Sunday, May 1, 2011
Soaking up Culture in San Francisco
San Francisco, Ca - Pat and I spent a lovely day at the de Young Museum in Golden Gate Park last week, a welcome change of pace from what had become a daily diet of either boat chores or snow shoveling.
This is the "new" de Young, which replaced the old one with much fanfare a few years ago. It seems we have been to the Academy of Science across the park often enough to watch the albino crocodile grow old, but haven't visited the city's art museums in a long time.
Two major exhibits are being offered right now, one on the Olmec culture's art (big carved stone heads, no photos allowed) and the other on Balenciaga's textiles (lots of red dresses and handbags, not my thing).
Pat and I enjoyed most the great sampling of art we experienced on three guided tours: a look of the entire museum's highlights; a detailed tour of the American art collection, and the Olmec sculptures and carved icons, a convergence of art, archeology and history.
And, the building and grounds are among the most thoughtful anywhere, from the ironic cracks in the courtyard (fault line art) and the greening copper sheathed structure, to the spectacular views of art, architecture and scenery everywhere you look.
Our volunteer tour guides made the day, particularly the serendipitous presence of one docent who turned out to be a neighbor of our old friend Frank McCulloch. (Frank, one of my journalistic heroes, happened to be my boss and mentor at The Bee in the 1980s.)
The guide, named Joan, was knowledgeable, witty, clear-voiced and friendly. She was as delighted as we were to find out we have a great friend in common, and I was able to tell her a few Frank stories she had not heard. Pat sent a hug back to Santa Rosa with Joan for Frank.
Joan was particularly knowledgeable about early American portraits, telling stories about the people and their place in history. Every painting seemed to have a story, whether it was how the subject was too cheap to have his or her hands painted (that cost extra) or why drapes figured so prominently in the background so often (cheaper and easier to paint than detailed landscapes or interiors). Even artists have to make a living.

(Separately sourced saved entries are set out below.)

(* Let $n,a,b\in\mathbb{Z}$ with $n\ge 1$ and $ab\ne 0$, and let $\mathcal{F}_{n,a,b}(x)=x^{2n}+ax^n+b$. Suppose that $\mathcal{F}_{n,a,b}(x)$ is irreducible over $\mathbb{Q}$ and that its Galois group over $\mathbb{Q}$ is abelian. Then $n=2^r3^s$ for some nonnegative integers $r$ and $s$. Furthermore, for every divisor $d\ge 1$ of $n$, the Galois group of $\mathcal{F}_{d,a,b}(x)=x^{2d}+ax^d+b$ over $\mathbb{Q}$ is abelian. *)

theory Defs
  imports Complex_Main "HOL-Computational_Algebra.Computational_Algebra"
begin

definition trinom :: "nat \<Rightarrow> int \<Rightarrow> int \<Rightarrow> rat poly" where
  "trinom n a b = monom 1 (2*n) + monom (of_int a) n + [:of_int b:]"

definition subfield_C :: "complex set \<Rightarrow> bool" where
  "subfield_C K \<longleftrightarrow> 0 \<in> K \<and> 1 \<in> K \<and>
     (\<forall>x\<in>K. \<forall>y\<in>K. x + y \<in> K \<and> x * y \<in> K) \<and>
     (\<forall>x\<in>K. - x \<in> K \<and> inverse x \<in> K)"

definition splitting_field_C :: "rat poly \<Rightarrow> complex set" where
  "splitting_field_C p =
     \<Inter>{K. subfield_C K \<and> {z. poly (map_poly of_rat p) z = 0} \<subseteq> K}"

text \<open>The Galois group: field automorphisms of the splitting field (extended by the
  identity outside it, so that each automorphism is represented by a unique function).\<close>
definition galois_group_C :: "rat poly \<Rightarrow> (complex \<Rightarrow> complex) set" where
  "galois_group_C p = (let K = splitting_field_C p in
     {\<sigma>. bij_betw \<sigma> K K \<and>
         (\<forall>x\<in>K. \<forall>y\<in>K. \<sigma> (x + y) = \<sigma> x + \<sigma> y \<and> \<sigma> (x * y) = \<sigma> x * \<sigma> y) \<and>
         (\<forall>x. x \<notin> K \<longrightarrow> \<sigma> x = x)})"

definition galois_abelian :: "rat poly \<Rightarrow> bool" where
  "galois_abelian p \<longleftrightarrow>
     (\<forall>\<sigma>\<in>galois_group_C p. \<forall>\<tau>\<in>galois_group_C p. \<sigma> \<circ> \<tau> = \<tau> \<circ> \<sigma>)"

end

theory Submission
  imports Defs "Berlekamp_Zassenhaus.Factor_Bound"
begin

(* If a prime p >= 5 divided n, then F_{p,a,b} would again be irreducible
  (F_{n,a,b} = F_{p,a,b}(x^(n/p))) with abelian Galois group (its splitting field lies
  inside that of F_{n,a,b}, and automorphisms of a subfield extend). Take a root alpha of
  x^2 + a x + b, a p-th root theta of alpha and a primitive p-th root of unity zeta; all lie
  in the splitting field. An automorphism sending theta to zeta theta commutes with all
  others, and comparing the powers of zeta they produce on theta shows that every
  automorphism fixing alpha fixes zeta. As alpha has at most two conjugates, zeta then has at
  most two conjugates, whereas irreducibility of the p-th cyclotomic polynomial gives it the
  p - 1 >= 4 conjugates zeta^k. The second claim is the restriction argument above. *)

hide_const (open) up_ring.coeff up_ring.monom

section \<open>Subfields of the complex numbers and their homomorphisms\<close>

lemma subfield_C_0: "subfield_C E \<Longrightarrow> 0 \<in> E"
  by (simp add: subfield_C_def)

lemma subfield_C_1: "subfield_C E \<Longrightarrow> 1 \<in> E"
  by (simp add: subfield_C_def)

lemma subfield_C_add: "subfield_C E \<Longrightarrow> x \<in> E \<Longrightarrow> y \<in> E \<Longrightarrow> x + y \<in> E"
  by (simp add: subfield_C_def)

lemma subfield_C_mult: "subfield_C E \<Longrightarrow> x \<in> E \<Longrightarrow> y \<in> E \<Longrightarrow> x * y \<in> E"
  by (simp add: subfield_C_def)

lemma subfield_C_uminus: "subfield_C E \<Longrightarrow> x \<in> E \<Longrightarrow> - x \<in> E"
  by (simp add: subfield_C_def)

lemma subfield_C_inverse: "subfield_C E \<Longrightarrow> x \<in> E \<Longrightarrow> inverse x \<in> E"
  by (simp add: subfield_C_def)

lemma subfield_C_diff: "subfield_C E \<Longrightarrow> x \<in> E \<Longrightarrow> y \<in> E \<Longrightarrow> x - y \<in> E"
  using subfield_C_add[of E x "- y"] subfield_C_uminus[of E y] by simp

lemma subfield_C_divide: "subfield_C E \<Longrightarrow> x \<in> E \<Longrightarrow> y \<in> E \<Longrightarrow> x / y \<in> E"
  using subfield_C_mult[of E x "inverse y"] subfield_C_inverse[of E y] by (simp add: divide_inverse)

lemma subfield_C_power: "subfield_C E \<Longrightarrow> x \<in> E \<Longrightarrow> x ^ n \<in> E"
  by (induction n) (auto intro: subfield_C_1 subfield_C_mult)

lemma subfield_C_sum: "subfield_C E \<Longrightarrow> (\<And>i. i \<in> A \<Longrightarrow> f i \<in> E) \<Longrightarrow> sum f A \<in> E"
  by (induction A rule: infinite_finite_induct) (auto intro: subfield_C_0 subfield_C_add)

lemma subfield_C_of_nat: "subfield_C E \<Longrightarrow> of_nat n \<in> E"
  by (induction n) (auto intro: subfield_C_0 subfield_C_1 subfield_C_add)

lemma subfield_C_of_int: "subfield_C E \<Longrightarrow> of_int n \<in> E"
  by (cases n rule: int_cases2) (auto intro: subfield_C_of_nat subfield_C_uminus)

lemma rat_as_int_quotient:
  obtains a b where "(of_rat r :: 'a :: field_char_0) = of_int a / of_int b"
proof -
  obtain a b where "quotient_of r = (a, b)"
    by (cases "quotient_of r")
  then have "r = of_int a / of_int b"
    by (rule quotient_of_div)
  then show thesis
    using that by (simp add: of_rat_divide)
qed

lemma subfield_C_of_rat:
  assumes "subfield_C E"
  shows "of_rat r \<in> E"
proof -
  obtain a b where "(of_rat r :: complex) = of_int a / of_int b"
    by (rule rat_as_int_quotient)
  then show ?thesis
    using assms by (simp add: subfield_C_divide subfield_C_of_int)
qed

lemma Rats_subset_subfield_C: "subfield_C E \<Longrightarrow> \<rat> \<subseteq> E"
  using subfield_C_of_rat by (auto elim: Rats_cases)

lemma subfield_C_Rats: "subfield_C \<rat>"
  unfolding subfield_C_def by (auto intro: Rats_add Rats_mult Rats_minus_iff[THEN iffD2] Rats_inverse)

lemma subfield_C_Inter: "(\<And>K. K \<in> S \<Longrightarrow> subfield_C K) \<Longrightarrow> subfield_C (\<Inter>S)"
  unfolding subfield_C_def by auto

definition field_hom_on :: "complex set \<Rightarrow> (complex \<Rightarrow> complex) \<Rightarrow> bool" where
  "field_hom_on E \<sigma> \<longleftrightarrow>
     \<sigma> 1 = 1 \<and> (\<forall>x\<in>E. \<forall>y\<in>E. \<sigma> (x + y) = \<sigma> x + \<sigma> y \<and> \<sigma> (x * y) = \<sigma> x * \<sigma> y)"

context
  fixes E \<sigma>
  assumes E: "subfield_C E" and \<sigma>: "field_hom_on E \<sigma>"
begin

lemma field_hom_on_add: "x \<in> E \<Longrightarrow> y \<in> E \<Longrightarrow> \<sigma> (x + y) = \<sigma> x + \<sigma> y"
  using \<sigma> by (simp add: field_hom_on_def)

lemma field_hom_on_mult: "x \<in> E \<Longrightarrow> y \<in> E \<Longrightarrow> \<sigma> (x * y) = \<sigma> x * \<sigma> y"
  using \<sigma> by (simp add: field_hom_on_def)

I enjoyed hearing, for the first-time since Fourth Grade Art Appreciation Class, the role that painters played in different eras of our history, whether reflecting Manifest Destiny, sanctifying John Brown, or preserving a Boston Sea Captain's vanity.
The most surprising moment at the museum for me came when were looking at an abstract sculpture (construction?) made of burned pieces of wood suspended from the ceiling into a giant hanging cube. Not much to look at.
A museum guard, standing against the wall, quietly told me that the pieces of wood came from the African American Church in Birmingham, Alabama, where four little girls were murdered by a racist bomber in the 1960s. The museum's official description of the work discussed the work in abstract terms, but he made it more real than he could have known.
I lived in Alabama in the 1960s, briefly covered Civil Rights as a journalist in that era. The ashes of that destroyed church, and four lives destroyed by hate, will never be an abstraction for me.
It never occurred to me to take a photo. I just looked and thought about where it came from, and where we came from and where we are heading.
The art wasn't all that moving. There were satirical paintings, grand landscapes, and a very nice portrait of George Washington made from one dollar bills.
One of the world's ugliest vases (pictured at the top) was adorned by a bird singing his or her heart out.
The museum is far too full of delightful stuff to go into more detail, but you owe it to yourself to visit the next time you are in the Bay Area.
And the view from the observation tower is one of the best you will ever see anywhere in San Francisco.